A part of the Great Game was to extend it to other players, each main party trying to upset the traditional alliances of the other. In 1882, Britain took over the Suez Canal in Egypt, important as a connector between Europe and British India. The French government had traditionally seen Egypt as its own particular domain and was not at all happy at this development, particularly as it followed similar disputes elsewhere during the Scramble for Africa when European empires grabbed what they could of the continent. The situation in 1885, when Russia mobilised troops on the Afghan border, was seized upon by the French. The French government "used Britain's embarrassment in Central Asia to secure concessions in Africa and the Pacific" (James, 382).
Russia sought to exploit this lingering Franco-British discord and formed an alliance with France. A decade later, in 1892, a group of Russian ships entered the Mediterranean via the Bosphorus and weighed anchor in the French naval base at Toulon. The British Royal Navy was appalled at a potential naval alliance between its main European rival, France, and Russia, as this would mean it could no longer control the Mediterranean.
Franco-Anglo-Russian relations were further complicated by the Russo-Japanese War (1904 to 5). France was now Russia's ally, but Britain had signed an alliance with Japan in 1902. Japan won the war without any direct help, largely thanks to its more efficient navy, and Russia's, although third in the world in size, was shown to be obsolete. Japan seized Manchuria, and Russia's empire was prevented from expanding into China. Russia's defeat was a contributing cause of the Russian Revolution of 1905, when Tsar Nicholas only just held on to power. From a British perspective, the war with Japan was significant, since it had shown something the spies had chosen not to reveal: Russia was militarily incapable of invading India. The Great Game had been just that, a mere game for overly imaginative imperialists. Playing a game for its own sake, though, came at a high price, one paid for by ordinary people whose lives, livelihoods, and even states were destroyed.
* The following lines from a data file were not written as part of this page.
section \<open>The translations\<close>

fun ltl_pos :: "'a ltld \<Rightarrow> 'a ltld" and ltl_one :: "'a ltld \<Rightarrow> 'a ltld" where
  "ltl_pos TT = TT"
| "ltl_pos (Prop p) = Prop p"
| "ltl_pos (Neg \<phi>) = Neg (ltl_one \<phi>)"
| "ltl_pos (Or \<phi> \<psi>) = Or (ltl_pos \<phi>) (ltl_pos \<psi>)"
| "ltl_pos (Next \<phi>) = Next (ltl_pos \<phi>)"
| "ltl_pos (Until \<phi> \<psi>) = Until (ltl_pos \<phi>) (ltl_pos \<psi>)"
| "ltl_pos (UntilD \<eta> \<phi> \<psi>) = Until (ltl_pos \<phi>) (ltl_pos \<psi>)"
| "ltl_one TT = TT"
| "ltl_one (Prop p) = Prop p"
| "ltl_one (Neg \<phi>) = Neg (ltl_pos \<phi>)"
| "ltl_one (Or \<phi> \<psi>) = Or (ltl_one \<phi>) (ltl_one \<psi>)"
| "ltl_one (Next \<phi>) = Next (ltl_one \<phi>)"
| "ltl_one (Until \<phi> \<psi>) = Until (ltl_one \<phi>) (ltl_one \<psi>)"
| "ltl_one (UntilD \<eta> \<phi> \<psi>) = (if \<eta> 0 = 1 then ltl_one \<psi> else Neg TT)"

lemma is_ltl_translations: "is_ltl (ltl_pos \<phi>)" "is_ltl (ltl_one \<phi>)"
proof -
  have "disc_funs (ltl_pos \<phi>) = {} \<and> disc_funs (ltl_one \<phi>) = {}"
    by (induction \<phi>) auto
  then show "is_ltl (ltl_pos \<phi>)" "is_ltl (ltl_one \<phi>)"
    by (simp_all add: is_ltl_def)
qed

definition translation_closure :: "'a ltld \<Rightarrow> 'a ltld set" where
  "translation_closure \<phi> =
     (\<Union>\<chi>\<in>subformulas \<phi>. {ltl_pos \<chi>, ltl_one \<chi>, Neg (ltl_pos \<chi>), Neg (ltl_one \<chi>), TT, Neg TT})"

lemma subformulas_self: "\<phi> \<in> subformulas \<phi>"
  by (cases \<phi>) auto

lemma finite_subformulas: "finite (subformulas \<phi>)"
  by (induction \<phi>) auto

lemma subformulas_translations_subset:
  "subformulas (ltl_pos \<phi>) \<union> subformulas (ltl_one \<phi>) \<subseteq> translation_closure \<phi>"
  by (induction \<phi>) (auto simp: translation_closure_def subformulas_self)

lemma card_translation_closure: "card (translation_closure \<phi>) \<le> 6 * fsize \<phi>"
proof -
  have "card (translation_closure \<phi>)
      \<le> (\<Sum>\<chi>\<in>subformulas \<phi>. card {ltl_pos \<chi>, ltl_one \<chi>, Neg (ltl_pos \<chi>), Neg (ltl_one \<chi>), TT, Neg TT})"
    unfolding translation_closure_def by (rule card_UN_le[OF finite_subformulas])
  also have "\<dots> \<le> (\<Sum>\<chi>\<in>subformulas \<phi>. 6)"
    by (rule sum_mono) (simp add: card_insert_if)
  finally show ?thesis
    by (simp add: fsize_def)
qed

lemma fsize_translations:
  "fsize (ltl_pos \<phi>) \<le> 6 * fsize \<phi>" "fsize (Neg (ltl_one \<phi>)) \<le> 6 * fsize \<phi>"
proof -
  have "finite (translation_closure \<phi>)"
    by (simp add: translation_closure_def finite_subformulas)
  moreover have "subformulas (Neg (ltl_one \<phi>)) \<subseteq> translation_closure \<phi>"
    using subformulas_translations_subset[of \<phi>] subformulas_self[of \<phi>]
    by (auto simp: translation_closure_def)
  ultimately show "fsize (ltl_pos \<phi>) \<le> 6 * fsize \<phi>" "fsize (Neg (ltl_one \<phi>)) \<le> 6 * fsize \<phi>"
    using subformulas_translations_subset[of \<phi>] card_translation_closure[of \<phi>]
    unfolding fsize_def by (meson card_mono le_sup_iff order_trans)+
qed

section \<open>Correctness of the translations\<close>

lemma translations_sound:
  assumes "well_discounted \<phi>"
  shows "(0 < val \<phi> \<pi> \<longrightarrow> models \<pi> (ltl_pos \<phi>)) \<and> (models \<pi> (ltl_one \<phi>) \<longrightarrow> val \<phi> \<pi> = 1)"
  using assms
proof (induction \<phi> arbitrary: \<pi>)
  case (Neg \<phi>)
  then have "(0 < val \<phi> \<pi> \<longrightarrow> models \<pi> (ltl_pos \<phi>)) \<and> (models \<pi> (ltl_one \<phi>) \<longrightarrow> val \<phi> \<pi> = 1)"
    by simp
  then show ?case
    using val_bounds[of \<phi> \<pi>] Neg.prems by (auto simp: models_Neg is_ltl_translations)
next
  case (Or \<phi> \<psi>)
  then show ?case
    using val_bounds[of \<phi> \<pi>] val_bounds[of \<psi> \<pi>]
    by (auto simp: models_Or is_ltl_translations less_max_iff_disj max_def)
next
  case (Next \<phi>)
  then show ?case
    by (simp add: models_Next)
next
  case (Until \<phi> \<psi>)
  then have wd: "well_discounted \<phi>" "well_discounted \<psi>"
    and IH: "\<And>\<pi>. (0 < val \<phi> \<pi> \<longrightarrow> models \<pi> (ltl_pos \<phi>)) \<and> (models \<pi> (ltl_one \<phi>) \<longrightarrow> val \<phi> \<pi> = 1)"
      "\<And>\<pi>. (0 < val \<psi> \<pi> \<longrightarrow> models \<pi> (ltl_pos \<psi>)) \<and> (models \<pi> (ltl_one \<psi>) \<longrightarrow> val \<psi> \<pi> = 1)"
    by simp_all
  show ?case
    using IH by (auto simp: val_Until_pos_iff[OF wd] models_Until is_ltl_translations
        intro: val_Until_eq_1_if[OF wd])
next
  case (UntilD \<eta> \<phi> \<psi>)
  then have wd: "discounting \<eta>" "well_discounted \<phi>" "well_discounted \<psi>"
    and IH: "\<And>\<pi>. 0 < val \<phi> \<pi> \<longrightarrow> models \<pi> (ltl_pos \<phi>)"
      "\<And>\<pi>. (0 < val \<psi> \<pi> \<longrightarrow> models \<pi> (ltl_pos \<psi>)) \<and> (models \<pi> (ltl_one \<psi>) \<longrightarrow> val \<psi> \<pi> = 1)"
    by simp_all
  show ?case
    using IH by (auto simp: val_UntilD_pos_iff[OF wd] val_UntilD_eq_1_iff[OF wd] models_Until
        is_ltl_translations)
qed (simp_all add: models_def)

lemma translations_complete:
  assumes "well_discounted \<phi>" "finite_suffixes \<pi>"
  shows "(models \<pi> (ltl_pos \<phi>) \<longrightarrow> 0 < val \<phi> \<pi>) \<and> (val \<phi> \<pi> = 1 \<longrightarrow> models \<pi> (ltl_one \<phi>))"
  using assms
proof (induction \<phi> arbitrary: \<pi>)
  case (Neg \<phi>)
  then have "(models \<pi> (ltl_pos \<phi>) \<longrightarrow> 0 < val \<phi> \<pi>) \<and> (val \<phi> \<pi> = 1 \<longrightarrow> models \<pi> (ltl_one \<phi>))"
    by simp
  then show ?case
    using val_bounds[of \<phi> \<pi>] Neg.prems by (auto simp: models_Neg is_ltl_translations)
next
  case (Or \<phi> \<psi>)
  then have "(models \<pi> (ltl_pos \<phi>) \<longrightarrow> 0 < val \<phi> \<pi>) \<and> (val \<phi> \<pi> = 1 \<longrightarrow> models \<pi> (ltl_one \<phi>))"
    "(models \<pi> (ltl_pos \<psi>) \<longrightarrow> 0 < val \<psi> \<pi>) \<and> (val \<psi> \<pi> = 1 \<longrightarrow> models \<pi> (ltl_one \<psi>))"
    by simp_all
  then show ?case
    by (auto simp: models_Or is_ltl_translations max_def)
next
  case (Next \<phi>)
  then show ?case
    by (simp add: models_Next finite_suffixes_suffix)
next
  case (Until \<phi> \<psi>)
  then have wd: "well_discounted \<phi>" "well_discounted \<psi>"
    and IH: "\<And>i. (models (suffix i \<pi>) (ltl_pos \<phi>) \<longrightarrow> 0 < val \<phi> (suffix i \<pi>)) \<and>
        (val \<phi> (suffix i \<pi>) = 1 \<longrightarrow> models (suffix i \<pi>) (ltl_one \<phi>))"
      "\<And>i. (models (suffix i \<pi>) (ltl_pos \<psi>) \<longrightarrow> 0 < val \<psi> (suffix i \<pi>)) \<and>
        (val \<psi> (suffix i \<pi>) = 1 \<longrightarrow> models (suffix i \<pi>) (ltl_one \<psi>))"
    by (simp_all add: finite_suffixes_suffix)
  show ?case
    unfolding val_Until_pos_iff[OF wd] ltl_pos.simps ltl_one.simps
      models_Until[OF is_ltl_translations(1,1)] models_Until[OF is_ltl_translations(2,2)]
    using IH val_Until_eq_1_imp[OF wd \<open>finite_suffixes \<pi>\<close>] by blast
next
  case (UntilD \<eta> \<phi> \<psi>)
  then have wd: "discounting \<eta>" "well_discounted \<phi>" "well_discounted \<psi>"
    and IH: "\<And>i. models (suffix i \<pi>) (ltl_pos \<phi>) \<longrightarrow> 0 < val \<phi> (suffix i \<pi>)"
      "\<And>i. models (suffix i \<pi>) (ltl_pos \<psi>) \<longrightarrow> 0 < val \<psi> (suffix i \<pi>)"
      "val \<psi> \<pi> = 1 \<longrightarrow> models \<pi> (ltl_one \<psi>)"
    by (simp_all add: finite_suffixes_suffix)
  show ?case
    using IH by (auto simp: val_UntilD_pos_iff[OF wd] val_UntilD_eq_1_iff[OF wd] models_Until
        is_ltl_translations)
qed (simp_all add: models_def)

theorem lemma1:
  shows "\<exists>c::nat. \<forall>(D :: (nat \<Rightarrow> real) set) (\<phi> :: ('a::finite) ltld).
     (\<forall>\<eta>\<in>D. discounting \<eta>) \<longrightarrow> is_ltld_over D \<phi> \<longrightarrow>
     (\<exists>\<phi>pos \<phi>lt1. is_ltl \<phi>pos \<and> is_ltl \<phi>lt1 \<and>
        fsize \<phi>pos \<le> c * fsize \<phi> \<and> fsize \<phi>lt1 \<le> c * fsize \<phi> \<and>
        (\<forall>\<pi>. (val \<phi> \<pi> > 0 \<longrightarrow> models \<pi> \<phi>pos) \<and> (val \<phi> \<pi> < 1 \<longrightarrow> models \<pi> \<phi>lt1)) \<and>
        (\<forall>\<pi>. lasso \<pi> \<longrightarrow> (models \<pi> \<phi>pos \<longrightarrow> val \<phi> \<pi> > 0) \<and> (models \<pi> \<phi>lt1 \<longrightarrow> val \<phi> \<pi> < 1)))"
proof (intro exI[of _ 6] allI impI, goal_cases)
  case (1 D \<phi>)
  then have wd: "well_discounted \<phi>"
    by (auto simp: well_discounted_def is_ltld_over_def)
  have lt1_iff: "models \<pi> (Neg (ltl_one \<phi>)) \<longleftrightarrow> \<not> models \<pi> (ltl_one \<phi>)"
    and val_lt1_iff: "val \<phi> \<pi> < 1 \<longleftrightarrow> val \<phi> \<pi> \<noteq> 1" for \<pi>
    using models_Neg[OF is_ltl_translations(2)] val_bounds[OF wd, of \<pi>] by auto
  have "is_ltl (Neg (ltl_one \<phi>))"
    using is_ltl_translations(2) by (simp add: is_ltl_def)
  moreover have "\<forall>\<pi>. (0 < val \<phi> \<pi> \<longrightarrow> models \<pi> (ltl_pos \<phi>)) \<and>
      (val \<phi> \<pi> < 1 \<longrightarrow> models \<pi> (Neg (ltl_one \<phi>)))"
    using translations_sound[OF wd] unfolding lt1_iff val_lt1_iff by blast
  moreover have "\<forall>\<pi>. lasso \<pi> \<longrightarrow> (models \<pi> (ltl_pos \<phi>) \<longrightarrow> 0 < val \<phi> \<pi>) \<and>
      (models \<pi> (Neg (ltl_one \<phi>)) \<longrightarrow> val \<phi> \<pi> < 1)"
    using translations_complete[OF wd finite_suffixes_if_lasso] unfolding lt1_iff val_lt1_iff by blast
  ultimately show ?case
    using is_ltl_translations(1) fsize_translations by blast
qed

end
Significantly, Anglo-French relations improved following the Moroccan Crises of 1905 and 1911 when Imperial Germany tried to muscle its way into French Morocco. British support for France led to Germany backing down. The Great Game effectively ended in 1907 when the Anglo-Russian Convention was signed, which finally diffused the simmering tensions over rival claims to Afghanistan, Tibet, and Persia. Russia agreed not to interfere in British India, and both sides agreed upon their spheres of influence in Persia. This new position reflected both Russia's weakness after the disastrous defeat to Japan and the fact that Britain and France had finally decided that Germany was the greater threat to global peace. Mutual suspicion remained, but, again in 1907, Britain, France, and Russia joined together in the Triple Entente alliance bloc. It was the Entente powers who were victorious against Germany and Austria-Hungary in World War One.